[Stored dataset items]

━━━━━━━━━━

lemma common_neighbor_if_intervals_overlap:
  assumes V: "v \<in> V" "x \<in> V" "y \<in> V" and "d x y = 2"
    and u: "u \<in> I v x" "u \<in> I x y" "u \<noteq> x"
  obtains z where "E x z" "E y z" "2 * d v z \<le> d v x + d v y"
proof -
  have uV: "u \<in> V" and vux: "d v u + d u x = d v x" and xuy: "d x u + d u y = 2"
    using u \<open>d x y = 2\<close> unfolding interval_def by auto
  have "d u x = d x u" "d y x = 2"
    using gdist_sym uV V \<open>d x y = 2\<close> by metis+
  moreover have "d x u \<noteq> 0"
    using gdist_eq_0_iff uV V u(3) by metis
  moreover have "d v x \<le> d v y + d y x"
    using gdist_triangle V by blast
  ultimately consider "d x u = 1" "d u y = 1" | "d x u = 2" "d u y = 0"
    using xuy by linarith
  then show ?thesis
  proof cases
    case 1
    then have "E x u" "E y u"
      using gdist_eq_1_iff uV V edge_sym by metis+
    moreover have "2 * d v u \<le> d v x + d v y"
      using 1 vux \<open>d u x = d x u\<close> \<open>d v x \<le> d v y + d y x\<close> \<open>d y x = 2\<close> by linarith
    ultimately show ?thesis
      using that by blast
  next
    case 2
    then have "u = y"
      using gdist_eq_0_iff uV V by blast
    with 2 vux \<open>d u x = d x u\<close> have "d v y + 2 = d v x"
      by simp
    obtain z where z: "E x z" "E z y"
      using gdist_eq_2E V \<open>d x y = 2\<close> by blast
    then have "d v z \<le> Suc (d v y)"
      using gdist_neighbor_le[OF V(1)] edge_sym by blast
    with z \<open>d v y + 2 = d v x\<close> show ?thesis
      using that edge_sym by fastforce
  qed
qed

lemma metric_triangle_in_intervals:
  assumes V: "v \<in> V" "x \<in> V" "y \<in> V"
    and disjoint: "I v x \<inter> I x y \<subseteq> {x}" "I v y \<inter> I x y \<subseteq> {y}"
  obtains v' where "v' \<in> I v x" "v' \<in> I v y" "metric_triangle V E v' x y"
proof -
  have "\<exists>v'. v' \<in> I v x \<inter> I v y \<and> (\<forall>u. u \<in> I v x \<inter> I v y \<longrightarrow> d v u \<le> d v v')"
    using ex_has_greatest_nat[of "\<lambda>u. u \<in> I v x \<inter> I v y" v "d v" "Suc (d v x)"]
      left_in_interval V unfolding interval_def by fastforce
  then obtain v' where v': "v' \<in> I v x" "v' \<in> I v y"
    and farthest: "\<And>u. u \<in> I v x \<Longrightarrow> u \<in> I v y \<Longrightarrow> d v u \<le> d v v'"
    by blast
  have v'V: "v' \<in> V"
    using v' unfolding interval_def by simp
  have "I v' x \<inter> I v' y \<subseteq> {v'}"
  proof
    fix u assume "u \<in> I v' x \<inter> I v' y"
    then have "u \<in> I v x" "u \<in> I v y" "d v u = d v v' + d v' u" "u \<in> V"
      using interval_trans[OF V(1,2) v'(1)] interval_trans[OF V(1,3) v'(2)]
      unfolding interval_def by auto
    then show "u \<in> {v'}"
      using farthest[of u] gdist_eq_0_iff[OF v'V] by fastforce
  qed
  moreover have "I v' x \<inter> I x y \<subseteq> {x}" "I v' y \<inter> I x y \<subseteq> {y}"
    using interval_trans[OF V(1,2) v'(1)] interval_trans[OF V(1,3) v'(2)] disjoint by blast+
  ultimately show ?thesis
    using that v' metric_triangleI v'V V by blast
qed

lemma meshedI_metric_triangles:
  assumes equilateral: "\<forall>v x y. metric_triangle V E v x y \<and> d x y = 2 \<longrightarrow>
    d v x = 2 \<and> d v y = 2 \<and> (\<exists>z\<in>V. E x z \<and> E y z \<and> d v z = 2)"
  shows "meshed V E"
  unfolding meshed_def
proof (intro ballI impI)
  fix v x y assume V: "v \<in> V" "x \<in> V" "y \<in> V" and "d x y = 2"
  consider (left) u where "u \<in> I v x" "u \<in> I x y" "u \<noteq> x"
    | (right) u where "u \<in> I v y" "u \<in> I y x" "u \<noteq> y"
    | (neither) "I v x \<inter> I x y \<subseteq> {x}" "I v y \<inter> I x y \<subseteq> {y}"
    using interval_sym V by blast
  then show "\<exists>z\<in>V. E x z \<and> E y z \<and> 2 * d v z \<le> d v x + d v y"
  proof cases
    case left
    then show ?thesis
      using common_neighbor_if_intervals_overlap[OF V \<open>d x y = 2\<close>] edge_in_V by metis
  next
    case right
    moreover have "d y x = 2"
      using \<open>d x y = 2\<close> gdist_sym V by metis
    ultimately show ?thesis
      using common_neighbor_if_intervals_overlap[OF V(1,3,2)] edge_in_V
      by (metis add.commute)
  next
    case neither
    then obtain v' where v': "v' \<in> I v x" "v' \<in> I v y" "metric_triangle V E v' x y"
      using metric_triangle_in_intervals V by blast
    then obtain z where z: "z \<in> V" "E x z" "E y z" "d v' z = 2" "d v' x = 2" "d v' y = 2"
      using equilateral \<open>d x y = 2\<close> by blast
    moreover have "d v z \<le> d v v' + d v' z"
      using gdist_triangle V z(1) v' unfolding interval_def by blast
    ultimately show ?thesis
      using v'(1,2) unfolding interval_def by auto
  qed
qed

end

theorem mainTheorem1:
  fixes V :: "'a set" and E :: "'a \<Rightarrow> 'a \<Rightarrow> bool"
  assumes "simple_graph V E" and "connected_graph V E"
  shows "meshed V E \<longleftrightarrow>
    (\<forall>v x y. metric_triangle V E v x y \<and> gdist V E x y = 2 \<longrightarrow>
       gdist V E v x = 2 \<and> gdist V E v y = 2 \<and>
       (\<exists>z\<in>V. E x z \<and> E y z \<and> gdist V E v z = 2))"
proof -
  interpret connected_simple_graph V E
    using assms by unfold_locales
  show ?thesis
    using meshed_metric_triangle_equilateral meshedI_metric_triangles by blast
qed

end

━━━━━━━━━━

**YOUR INSTRUCTIONS**
All that should appear in the response is the run of lines from the first line of the entries through the line containing "x u \<noteq>", copied exactly.

**FINISHED TASK**
lemma common_neighbor_if_intervals_overlap:
  assumes V: "v \<in> V" "x \<in> V" "y \<in> V" and "d x y = 2"
    and u: "u \<in> I v x" "u \<in> I x y" "u \<noteq> x"
  obtains z where "E x z" "E y z" "2 * d v z \<le> d v x + d v y"
proof -
  have uV: "u \<in> V" and vux: "d v u + d u x = d v x" and xuy: "d x u + d u y = 2"
    using u \<open>d x y = 2\<close> unfolding interval_def by auto
  have "d u x = d x u" "d y x = 2"
    using gdist_sym uV V \<open>d x y = 2\<close> by metis+
  moreover have "d x u \<noteq> 0"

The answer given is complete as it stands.